Selecting a trade still comes down to me deciding on what I see. Whilst the scanning does a lot of the work, I make the final call.

Every investor/trader looks towards a mentor or guru when they first start out. Who is your mentor and what have you learnt from him/her?

I am not sure if I actively sought out a mentor for this reason, although I know that many do. I was very fortunate to have travelled extensively throughout SE Asia for many years and have spoken at countless trading expos and events where many more accomplished and experienced traders were also speaking.

I took great advantage of this by spending lots of time with each of these more experienced traders, listening to their presentations, sharing meals with them and then keeping in touch and sending questions whenever I needed help.

For this reason, I am not able to really narrow down any particular person who took me under their wing however I must acknowledge there were many people who helped me along the way.

If I was to narrow down one thing that I learned from all of those people it would be how hard they worked, how hard they studied and how much they applied themselves to the trading craft through very focussed effort and an appetite to always learn more and improve.

Lastly, any advice or words of encouragement for fellow readers who want to follow upon your footsteps?

I would tell a new trader that trading is not as easy as you as you probably think it is. Many people think that trading is easy money, as I did early on - it is probably the hardest easy money there is.

If a new trader can appreciate right from the start that trading is not as easy as they think it is, they will most likely approach it with a more committed effort and be prepared for the challenges that trading presents.

With the benefit of experience, there are so many things I wish I knew when I first started that I now just accept and take as ‘the way it is’. So, here is my little list of guiding points for you:

Be humble - you are not going to get every trade right. In fact, you will be proven wrong very often.

Be committed - trading is not easy and any half-hearted attempts will get you nowhere.

Educate yourself - there is so much to learn and while you can learn from actually trading, you can save yourself a lot of money and stress by learning from someone else who has come before you.
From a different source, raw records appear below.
(* Fix $g\ge2$ and $n\ge2$. Consider systems of numbers $\langle\tau_{d_1}\cdots\tau_{d_k}\rangle^\bullet_g$ indexed by all $k\ge1$ and $(d_1,\dots,d_k)\in\mathbb{Z}^k$ with $d_1+\cdots+d_k=g-2+k$, symmetric under permutations of the $d_i$, and satisfying the string equation $$\langle\tau_{d_1}\cdots\tau_{d_k}\tau_0\rangle^\bullet_g=\sum_{j=1}^k\langle\tau_{d_1}\cdots\tau_{d_j-1}\cdots\tau_{d_k}\rangle^\bullet_g$$ for all $(d_1,\dots,d_k)\in\mathbb{Z}^k$ with $\sum d_i=g-1+k$. Such a system is uniquely determined by its values on tuples with all $d_i\neq0$ ("initial values"), which may be prescribed arbitrarily (symmetrically), and every value is then a linear combination with nonnegative integer coefficients of initial values. Treat the initial values (one variable for each such tuple up to permutation) as independent indeterminates, so that $$\mathcal{E}_{g,n}(\vec a):=\sum_{k=1}^n\frac{(-1)^k}{k!}\sum_{(I_1,\dots,I_k)}\ \sum_{\substack{d_1,\dots,d_k\in\mathbb{Z}\\ d_1+\cdots+d_k=g-2+k}}\langle\tau_{d_1}\cdots\tau_{d_k}\rangle^\bullet_g\prod_{j=1}^kQ_{d_j+|I_j|-1}\big(a_{[I_j]}\big)$$ is a polynomial in formal variables $a_1,\dots,a_n$ whose coefficients are linear in the initial values. Then for every initial value $\langle\tau_{d_1}\cdots\tau_{d_k}\rangle^\bullet_g$ (all $d_i\ne0$) in which at least one $d_i$ is negative, the coefficient $\partial\mathcal{E}_{g,n}(\vec a)/\partial\langle\tau_{d_1}\cdots\tau_{d_k}\rangle^\bullet_g$ is identically zero as a polynomial in $a_1,\dots,a_n$.
   Context: $(I_1,\dots,I_k)$ runs over ordered $k$-tuples of nonempty pairwise disjoint subsets of $\{1,\dots,n\}$ with union $\{1,\dots,n\}$; $a_{[I]}:=\sum_{\ell\in I}a_\ell$. $Q_m(a):=\frac{(-1)^m}{2^m m!}\prod_{k=1}^{2m}(a+1-\frac k2)$ for $m\ge0$ and $Q_m:=0$ for $m<0$ (so the sum defining $\mathcal{E}_{g,n}$ is finite). *)

theory Defs
  imports Complex_Main "HOL-Library.Multiset"
begin

definition Qpol :: "int \<Rightarrow> real \<Rightarrow> real" where
  "Qpol m a = (if m < 0 then 0 else
     ((-1) ^ nat m / (2 ^ nat m * fact (nat m))) *
     (\<Prod>k\<in>{1..2 * nat m}. (a + 1 - real k / 2)))"

definition corr_dom :: "nat \<Rightarrow> int list \<Rightarrow> bool" where
  "corr_dom g ds \<longleftrightarrow> length ds \<ge> 1 \<and> sum_list ds = int g - 2 + int (length ds)"

definition string_system :: "nat \<Rightarrow> (int list \<Rightarrow> real) \<Rightarrow> bool" where
  "string_system g tau \<longleftrightarrow>
     (\<forall>ds es. corr_dom g ds \<longrightarrow> mset ds = mset es \<longrightarrow> tau ds = tau es) \<and>
     (\<forall>ds. length ds \<ge> 1 \<longrightarrow> sum_list ds = int g - 1 + int (length ds) \<longrightarrow>
        tau (ds @ [0]) = (\<Sum>j<length ds. tau (ds[j := ds ! j - 1])))"

definition initial_tuple :: "nat \<Rightarrow> int list \<Rightarrow> bool" where
  "initial_tuple g ds \<longleftrightarrow> corr_dom g ds \<and> (\<forall>d\<in>set ds. d \<noteq> 0)"

definition ordered_set_partitions :: "nat \<Rightarrow> nat \<Rightarrow> nat set list set" where
  "ordered_set_partitions n k = {Is. length Is = k \<and> (\<forall>j<k. Is ! j \<noteq> {}) \<and>
      (\<forall>i<k. \<forall>j<k. i \<noteq> j \<longrightarrow> Is ! i \<inter> Is ! j = {}) \<and> \<Union>(set Is) = {1..n}}"

text \<open>The (finite) set of d-tuples over which the inner sum effectively runs: sum g-2+k, and
  all Q-indices d_j + |I_j| - 1 nonnegative (the other terms vanish since Q_m = 0 for m < 0).\<close>
definition d_range :: "nat \<Rightarrow> nat set list \<Rightarrow> int list set" where
  "d_range g Is = {ds. length ds = length Is \<and> sum_list ds = int g - 2 + int (length Is) \<and>
      (\<forall>j<length Is. ds ! j + int (card (Is ! j)) - 1 \<ge> 0)}"
abbreviation \<mu> :: "real measure" where "\<mu> \<equiv> sq_measure (eint a b) \<kappa>"
abbreviation \<nu> :: "real measure" where "\<nu> \<equiv> sq_measure (eint a b) \<phi>"

definition K :: "ereal \<Rightarrow> real" where "K x = measure \<mu> (eint x b)"
definition P :: "ereal \<Rightarrow> real" where "P x = measure \<nu> (eint a x)"

lemma K_nonneg [simp]: "0 \<le> K x"
  by (simp add: K_def)

lemma P_nonneg [simp]: "0 \<le> P x"
  by (simp add: P_def)

lemma P_a [simp]: "P a = 0"
  by (simp add: P_def eint_empty)

lemma finite_measure_\<mu>: "finite_measure \<mu>"
proof
  have "emeasure \<mu> (space \<mu>) = (\<integral>\<^sup>+ t\<in>eint a b. ennreal ((cmod (\<kappa> t))\<^sup>2) \<partial>lborel)"
    using sq_measure_density_measurable[OF meas_\<kappa>]
    by (simp add: sq_measure_def emeasure_density mult.commute)
  with L2_\<kappa> show "emeasure \<mu> (space \<mu>) \<noteq> \<infinity>" by simp
qed

lemma emeasure_\<nu>_less_top:
  assumes "x < b"
  shows "emeasure \<nu> (eint a x) < \<infinity>"
proof (cases "a < x")
  case True
  then show ?thesis
    using emeasure_sq_measure[OF meas_\<phi> eint_sets eint_mono[of a a x b]] L2loc_\<phi>[OF True assms] assms
    by simp
next
  case False
  then show ?thesis by (simp add: eint_empty)
qed

lemma L2nrm_\<kappa>: "a \<le> x \<Longrightarrow> y \<le> b \<Longrightarrow> L2nrm (eint x y) \<kappa> = sqrt (measure \<mu> (eint x y))"
  by (intro L2nrm_eq_sq_measure meas_\<kappa> eint_sets eint_mono)

lemma L2nrm_\<phi>: "a \<le> x \<Longrightarrow> y \<le> b \<Longrightarrow> L2nrm (eint x y) \<phi> = sqrt (measure \<nu> (eint x y))"
  by (intro L2nrm_eq_sq_measure meas_\<phi> eint_sets eint_mono)

lemma K_antimono: "x \<le> y \<Longrightarrow> K y \<le> K x"
  unfolding K_def by (intro finite_measure.finite_measure_mono[OF finite_measure_\<mu>] eint_mono) auto

lemma P_mono: "x \<le> y \<Longrightarrow> y < b \<Longrightarrow> P x \<le> P y"
  unfolding P_def using emeasure_\<nu>_less_top[of y]
  by (intro measure_mono_fmeasurable eint_mono) (auto simp: fmeasurable_def)

lemma K_split: "x < ereal y \<Longrightarrow> ereal y < b \<Longrightarrow> K x = measure \<mu> (eint x (ereal y)) + K (ereal y)"
  using emeasure_density_eint_split[OF sq_measure_density_measurable[OF meas_\<kappa>], of x y b,
      folded sq_measure_def]
  by (simp add: K_def finite_measure.emeasure_eq_measure[OF finite_measure_\<mu>] flip: ennreal_plus)

lemma P_split:
  assumes "a < ereal y" "ereal y < z" "z < b"
  shows "P z = P (ereal y) + measure \<nu> (eint (ereal y) z)"
proof -
  have split: "emeasure \<nu> (eint a z) = emeasure \<nu> (eint a (ereal y)) + emeasure \<nu> (eint (ereal y) z)"
    using emeasure_density_eint_split[OF sq_measure_density_measurable[OF meas_\<phi>] assms(1,2),
      folded sq_measure_def] .
  with emeasure_\<nu>_less_top[OF assms(3)] show ?thesis
    by (simp add: P_def measure_def enn2real_plus top.not_eq_extremum)
qed

abbreviation \<kappa>_density :: "real \<Rightarrow> ennreal" where
  "\<kappa>_density t \<equiv> indicator (eint a b) t * ennreal ((cmod (\<kappa> t))\<^sup>2)"

definition weight :: "(real \<Rightarrow> real) \<Rightarrow> real \<Rightarrow> real" where
  "weight g t = gterm g (sqrt (P (ereal t) * K (ereal t))) / K (ereal t)"
lemma exists_maximal_subring_avoiding:
  fixes A :: "'a::comm_ring_1 set"
  assumes "is_subring A" "x \<notin> A"
  shows "\<exists>V. is_subring V \<and> A \<subseteq> V \<and> x \<notin> V \<and> (\<forall>W. is_subring W \<and> V \<subseteq> W \<and> x \<notin> W \<longrightarrow> W = V)"
proof -
  let ?H = "{W. is_subring W \<and> A \<subseteq> W \<and> x \<notin> W}"
  have "\<exists>V\<in>?H. \<forall>W\<in>?H. V \<subseteq> W \<longrightarrow> W = V"
  proof (rule subset_Zorn_nonempty)
    show "?H \<noteq> {}" using assms by blast
  next
    fix C assume C: "C \<noteq> {}" "subset.chain ?H C"
    then have "is_subring (\<Union>C)"
      using is_subring_chain_Union[OF C(1)] unfolding subset_chain_def by blast
    then show "\<Union>C \<in> ?H" using C unfolding subset_chain_def by blast
  qed
  then obtain V where "V \<in> ?H" "\<forall>W\<in>?H. V \<subseteq> W \<longrightarrow> W = V" by blast
  then show ?thesis by (intro exI[of _ V]) auto
qed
Take it slowly/be patient - trading success is not going to happen overnight. For most people, this is a life-long endeavour, so it does not really matter if it takes you a few years to start trading profitably.
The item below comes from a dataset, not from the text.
(* Under the hypotheses of the continuity-in-pretrained-model result (Assumption 1, the uniform Lipschitz condition $\|T^Y_0(x_1,y_1)-T^Y_0(x_2,y_2)\|_{\mathcal{Y}_T}\le L(\|x_1-x_2\|_{\mathcal{X}_T}+\|y_1-y_2\|_{\mathcal{Y}_S})$ for all $T^Y_0\in\mathbb{T}^Y_0$, and the bound $|\mathcal{E}^O(h_1)-\mathcal{E}^O(h_2)|\le L'\mathcal{W}_p(h_1\#Law(X_T),h_2\#Law(X_T))^p$ for all intermediate models $h_1,h_2$, for some $L'>0,p\ge1$), the transfer risk $S\mapsto\mathcal{C}(S)$ is continuous on the metric space $(\mathcal{S},d_S)$, where $d_S((\mu_1,f_1),(\mu_2,f_2))=D(\mu_1,\mu_2)+d_M(f_1,f_2)$.
   Context: Transfer learning framework. A source task $S$ consists of an input space $\mathcal{X}_S$ and output space $\mathcal{Y}_S$ (finite-dimensional normed spaces), a random pair $(X_S,Y_S)$, a set $A_S$ of admissible models $f:\mathcal{X}_S\to\mathcal{Y}_S$ and a pretrained model $f_S^*\in A_S$. A target task $T$ has analogous $\mathcal{X}_T,\mathcal{Y}_T,(X_T,Y_T),A_T$ and optimal target model $f_T^*$. Fixed sets $\mathbb{T}^X_0$ of maps $\mathcal{X}_T\to\mathcal{X}_S$ and $\mathbb{T}^Y_0$ of maps $\mathcal{X}_T\times\mathcal{Y}_S\to\mathcal{Y}_T$ are given. For $(T^X_0,T^Y_0)$ the intermediate model is $f_{ST}(x)=T^Y_0(x,f_S^*(T^X_0(x)))$; $\mathbb{P}_T=Law(f_T^*(X_T))$, $\mathbb{P}_{ST}=Law(f_{ST}(X_T))$. An output transport risk is $\mathcal{E}^O:A_T\to\mathbb{R}$ with $\mathcal{E}^O\ge0$ and $\mathcal{E}^O(f_{ST})=0$ iff $\mathbb{P}_{ST}=\mathbb{P}_T$. An input transport risk $\mathcal{E}^I$ satisfies $\mathcal{E}^I(T^X_0)\ge0$, with equality iff $T^X_0\#Law(X_T)=Law(X_S)$. The model-specific transfer risk is $\mathcal{C}(S,T\mid f_{ST})=C(\mathcal{E}^O(f_{ST}),\mathcal{E}^I(T^X_0))$, with $C:\mathbb{R}^2\to\mathbb{R}$, $C(0,0)=0$, $C\ge0$ on relevant values, non-decreasing in each argument, and $|C(a,b)-C(a',b')|\le L_C(|a-a'|+|b-b'|)$ for some $L_C>0$. The transfer risk is $\mathcal{C}(S,T)=\inf_{(T^X_0,T^Y_0)\in\mathbb{T}^X_0\times\mathbb{T}^Y_0}\mathcal{C}(S,T\mid f_{ST})$. With target and transport sets fixed, a source task is $S=(\mu,f)\in\mathcal{S}\subset\mathcal{P}(\mathcal{X}_S)\times A_S$ ($\mu=Law(X_S)$, $f=f_S^*$) and $\mathcal{C}(S)=\mathcal{C}(\mu,f):=\mathcal{C}(S,T)$. Assumption 1: $D$ is a metric on $\mathcal{P}(\mathcal{X}_S)$ and $\mathcal{E}^I(T^X_0)=D(T^X_0\#Law(X_T),\mu)$. For a fixed constant $M>0$, $d_M(f_1,f_2):=\min\{M,\sup_{x\in\mathcal{X}_S}\|f_1(x)-f_2(x)\|_{\mathcal{Y}_S}\}$. $\mathcal{W}_p$ is the $p$-Wasserstein distance on probability measures on $\mathcal{Y}_T$. *)

theory Defs
  imports "HOL-Probability.Probability"
begin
Keep it simple - people tend to overcomplicate matters and develop intricate and complex solutions to problems. When we accept that trading is not easy, we think only a complex solution (trading plan) will work. In trading, simple does work. It also makes it much easier for us to follow the plan when it is simple.
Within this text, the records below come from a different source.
lemma H2_on_has_vector_derivative:
  assumes x: "x \<in> {a..d}"
  shows "(f has_vector_derivative f1 x) (at x within {a..d})"
proof -
  have eq: "f z = f a + integral {a..z} f1" if "z \<in> {a..d}" for z
    using integral_unique[OF H2_on_has_integral(2)[OF that]] by simp
  have "((\<lambda>z. f a + integral {a..z} f1) has_vector_derivative f1 x) (at x within {a..d})"
    using integral_has_vector_derivative[OF H2_on_first_continuous x] by (auto intro!: derivative_eq_intros)
  then show ?thesis
    by (rule has_vector_derivative_transform_within[where d=1]) (use x eq[symmetric] in auto)
qed

lemma H2_on_continuous: "continuous_on {a..d} f"
  using H2_on_has_vector_derivative has_vector_derivative_continuous
  unfolding continuous_on_eq_continuous_within by blast

end

section \<open>Weighted one-dimensional estimates\<close>

definition carleman_integral :: "real \<Rightarrow> real \<Rightarrow> real \<Rightarrow> (real \<Rightarrow> complex) \<Rightarrow> real" where
  "carleman_integral a b lam f = integral {a..b} (\<lambda>z. (cmod (f z))\<^sup>2 * carleman_weight lam z)"

lemma carleman_weight_pos: "0 < carleman_weight lam z"
  by (simp add: carleman_weight_def)

lemma continuous_on_carleman_weight: "continuous_on S (carleman_weight lam)"
  unfolding carleman_weight_def by (intro continuous_intros)

lemma carleman_integral_nonneg: "0 \<le> carleman_integral a b lam f"
  unfolding carleman_integral_def
  by (cases "(\<lambda>z. (cmod (f z))\<^sup>2 * carleman_weight lam z) integrable_on {a..b}")
     (simp_all add: integral_nonneg carleman_weight_pos less_imp_le not_integrable_integral)

lemma square_weighted_integrable:
  fixes g :: "real \<Rightarrow> complex"
  assumes "g \<in> borel_measurable (lebesgue_on {a..b})" and "(\<lambda>z. (cmod (g z))\<^sup>2) integrable_on {a..b}"
  shows "(\<lambda>z. (cmod (g z))\<^sup>2 * carleman_weight lam z) integrable_on {a..b}"
proof -
  have "(\<lambda>z. carleman_weight lam z * (cmod (g z))\<^sup>2) absolutely_integrable_on {a..b}"
  proof (rule absolutely_integrable_bounded_measurable_product_real)
    show "carleman_weight lam \<in> borel_measurable (lebesgue_on {a..b})"
      by (intro continuous_imp_measurable_on_sets_lebesgue continuous_on_carleman_weight) auto
    show "bounded (carleman_weight lam ` {a..b})"
      by (intro compact_imp_bounded compact_continuous_image continuous_on_carleman_weight) auto
    show "(\<lambda>z. (cmod (g z))\<^sup>2) absolutely_integrable_on {a..b}"
      using assms(2) by (rule nonnegative_absolutely_integrable_1) simp
  qed auto
  then show ?thesis
    by (simp add: mult.commute set_lebesgue_integral_eq_integral(1))
qed

lemma continuous_square_weighted_integrable:
  fixes g :: "real \<Rightarrow> complex"
  assumes "continuous_on {a..b} g"
  shows "(\<lambda>z. (cmod (g z))\<^sup>2 * carleman_weight lam z) integrable_on {a..b}"
  by (intro integrable_continuous_real continuous_intros continuous_on_carleman_weight assms)

lemma carleman_integral_Re_Im:
  fixes g :: "real \<Rightarrow> complex"
  assumes "continuous_on {a..b} g"
  shows "carleman_integral a b lam g =
    integral {a..b} (\<lambda>z. (Re (g z))\<^sup>2 * carleman_weight lam z)
    + integral {a..b} (\<lambda>z. (Im (g z))\<^sup>2 * carleman_weight lam z)"
  unfolding carleman_integral_def cmod_power2 distrib_right
  by (intro integral_add integrable_continuous_real continuous_intros continuous_on_carleman_weight assms)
Be realistic - having high expectations of yourself is a good thing; however, having unrealistic expectations is not. Many traders when presented with the wonderful opportunities that the market offers can be very easily led to setting unrealistic goals for their trading. This can be devastating. It is vital to set yourself goals with your trading but it is equally vital to ensure that those goals are measurable, and realistic.

Focus on the right things - do not focus too much on your entry signal, as most people do. Keep it simple and then move on to the more important areas such as position sizing, setting exits and preparing your mind for successful, disciplined trading.

Whatever you do, protect your capital - it goes without saying that if you have no money left, you cannot make money. This is an important issue because any new trader is not focused on protecting their money: they are focused solely on making money!

Finally, it is critical for you to convince yourself of the importance of having a trading plan. If you are without a plan, you have already severely reduced your chances of trading success. All consistently successful traders have a plan - how anyone could possibly think otherwise is beyond me.